Finally, viral richness models and host range models investigate node degree in the bipartite network, that is, how many hosts a given virus can infect (host range) and how many viruses have infected a given host (viral richness). By collapsing the bipartite network into node-level traits, they provide coarse measures that can be used in species-level analyses (for example, see ref. 22). Identifying viral traits, such as vector transmission, that predict broad host range helps in exploring the evolutionary theory of cross-species transmission events and could inform zoonotic risk models22,45. Conversely, understanding ecological drivers of viral diversity can help to prioritize sampling for viral discovery22,61 and, potentially, to understand the distribution of zoonotic risk if some ‘hyper-reservoirs’ host disproportionately many zoonotic viruses32,49. In this special case, some studies investigate zoonotic viral richness and test whether some animals host a greater number of viruses with observed zoonotic potential and whether this effect differs from overall viral richness62. Increasingly, careful analysis often rejects widely held assumptions (for example, bats or urban-adapted animals host most more zoonotic viruses) in favour of the null hypothesis that zoonotic viral richness is often simply a product of higher total viral diversity49,62.

The limits of prediction

Each of these modelling approaches shows tremendous promise — but each is limited, first and foremost, by the availability of data on the global vertebrate virome. At most, 1% of mammal viruses have been described to date9 and even fewer are known from other vertebrates. At such an early stage in viral discovery, even the most basic statistics, such as host-level viral richness estimates, may say more about sampling effort than the underlying biological reality63,64. When a new zoonotic virus emerges, researchers are disproportionately likely to sample related host species and viral taxa in the vicinity of the spillover event (bottom-up sampling bias). Surveillance also often targets well-studied cosmopolitan species due to availability, and is therefore more likely to discover more viruses, and more zoonotic viruses, in these species (top-down sampling bias49). Similarly, screening efforts have historically focused on hosts and viruses with known relevance to human or domestic animal health; this impact bias may be especially salient in regions with underfunded veterinary and public health surveillance infrastructure. Although high-throughput sequencing and broad-range serological approaches65 can counteract some of these biases, these approaches are not always cost-effective or practical to implement in resource-limited laboratory settings. As a result, targeted screening remains the primary source of host–virus association data, and biases remain pervasive.

Together, the limitations and priorities of these sampling processes heavily shape the observed structure of the host–virus network and are difficult to correct for in modelling efforts30. At present, this is a notable barrier to the advancement of quantitative viral ecology.

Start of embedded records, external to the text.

lemma join_graph_iff_join_matrix:
  "(X, Y) \<in> join_graph \<longleftrightarrow> (\<forall>n. \<exists>m. join_matrix n (prefix_code X m) (prefix_code Y m))"
proof
  assume "(X, Y) \<in> join_graph"
  then obtain i0 where i0: "X i0 \<noteq> Y i0" and witness: "join_witness X Y \<or> join_witness Y X"
    unfolding join_graph_def by auto
  show "\<forall>n. \<exists>m. join_matrix n (prefix_code X m) (prefix_code Y m)"
  proof
    fix n
    have "\<forall>\<^sub>F m in sequentially. i0 < m"
      by (rule eventually_gt_at_top)
    moreover have "\<forall>\<^sub>F m in sequentially.
        bounded_witness n m (trunc m X) (trunc m Y) \<or> bounded_witness n m (trunc m Y) (trunc m X)"
      using witness join_witness_eventually_bounded eventually_mono by (metis (no_types, lifting))
    ultimately have "\<forall>\<^sub>F m in sequentially. join_matrix n (prefix_code X m) (prefix_code Y m)"
      by eventually_elim (use i0 in \<open>auto simp: join_matrix_prefix_code\<close>)
    then show "\<exists>m. join_matrix n (prefix_code X m) (prefix_code Y m)"
      by (auto simp: eventually_sequentially)
  qed
next
  assume matrix: "\<forall>n. \<exists>m. join_matrix n (prefix_code X m) (prefix_code Y m)"
  then have "X \<noteq> Y"
    by (auto simp: join_matrix_prefix_code)
  moreover have "join_witness X Y \<or> join_witness Y X"
  proof (rule ccontr)
    assume "\<not> (join_witness X Y \<or> join_witness Y X)"
    then obtain n1 n2 where "\<forall>h. \<not> witness_upto n1 X Y h" "\<forall>h. \<not> witness_upto n2 Y X h"
      using join_witnessI by metis
    moreover obtain m where "join_matrix (max n1 n2) (prefix_code X m) (prefix_code Y m)"
      using matrix by blast
    ultimately show False
      unfolding join_matrix_prefix_code
      by (metis bounded_witness_mono bounded_witness_trunc max.cobounded1 max.cobounded2)
  qed
  ultimately show "(X, Y) \<in> join_graph"
    unfolding join_graph_def by simp
qed

lemma Pi02_join_graph: "Pi02_pairs join_graph"
proof (rule Pi02_pairsI)
  show "decidable (\<lambda>p. join_matrix (cfst p) (cfst (csnd p)) (csnd (csnd p)))"
    unfolding join_matrix_def bounded_witness_def certified_upto_def column_def
    by (intro computable_intros decidable_prefix_member computable_prefix_length decidable_certificate)
qed (rule join_graph_iff_join_matrix)

lemma simple_graph_join_graph: "simple_graph join_graph"
  unfolding simple_graph_def sym_def irrefl_def join_graph_def by auto

lemma m_equiv_singletons: "m_equiv (\<lambda>i. i = 1) (\<lambda>i. i = 2)"
  unfolding m_equiv_def
  by (intro conjI m_reducesI[where f="\<lambda>n. if n = 1 then 2 else 0"]
      m_reducesI[where f="\<lambda>n. if n = 2 then 1 else 0"] computable_intros) auto

lemma singletons_not_adjacent: "((\<lambda>i. i = 1), (\<lambda>i. i = 2)) \<notin> join_graph"
proof -
  have "\<not> join_witness X C" if "C = (\<lambda>i. i = 1) \<or> C = (\<lambda>i. i = 2)" for X C
  proof -
    have "\<not> column C 0 a" for a
    proof -
      have "3 * a + 0 \<noteq> 1" "3 * a + 0 \<noteq> 2"
        by presburger+
      with that show ?thesis
        unfolding column_def by auto
    qed
    then show ?thesis
      unfolding join_witness_def by blast
  qed
  then show ?thesis
    unfolding join_graph_def by blast
qed

theorem theorem4p2:
  shows "Pi02_graphable_diam m_equiv 2"
  unfolding Pi02_graphable_diam_def
proof (intro exI[of _ join_graph] conjI)
  show "Pi02_pairs join_graph"
    by (rule Pi02_join_graph)
  show "simple_graph join_graph"
    by (rule simple_graph_join_graph)
  show rtrancl: "join_graph\<^sup>* = {(x, y). m_equiv x y}"
    by (rule join_graph_rtrancl)
  show "has_diameter join_graph 2"
  proof (rule has_diameter_2I)
    show "x = y \<or> (\<exists>z. (x, z) \<in> join_graph \<and> (z, y) \<in> join_graph)" if "(x, y) \<in> join_graph\<^sup>*" for x y
      using that m_equiv_common_neighbour unfolding rtrancl by blast
    show "((\<lambda>i. i = 1), (\<lambda>i. i = 2)) \<in> join_graph\<^sup>*"
      unfolding rtrancl using m_equiv_singletons by simp
    show "(\<lambda>i::nat. i = 1) \<noteq> (\<lambda>i. i = 2)"
      by (metis numeral_eq_one_iff semiring_norm(85))
  qed (rule singletons_not_adjacent)
qed

end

Most published disease modelling studies use one of only a few small datasets with substantial overlap and similar biases, test the same hypotheses and, unsurprisingly, have generated largely congruent findings (for example, ‘phylogenetic distance structures viral sharing’), most of which are underinformed by microbiology and use phylogeographic or ecological proxies. While independent verification of results is a critical part of the scientific method, especially if data easily facilitate re-analysis or meta-analysis, re-analysing these few datasets so intensely risks pseudo-replication and could entrench spurious findings that are readily explained by sampling bias. For example, a recent study showed that urban-adapted mammals have a higher recorded diversity of zoonotic viruses, but only because they also have a higher total diversity of recorded pathogens, which is probably a clear-cut example of top-down sampling bias62. Cases such as these have engendered scepticism of modelling approaches as a useful tool for applied risk assessment, particularly given the high diversity of wildlife viruses, significant gaps in both host and virus sampling, the spurious patterns generated by sampling bias and even the pace of viral diversification19,63,66. At present, scientists are unlikely to be able to ‘predict and prevent’ outbreaks using these tools. However, models will become more reliable if viral discovery continues at its current pace and, particularly, if data synthesis is a priority for quantitative research. As these datasets grow, they will open doors for more advanced methodologies that have greater impact.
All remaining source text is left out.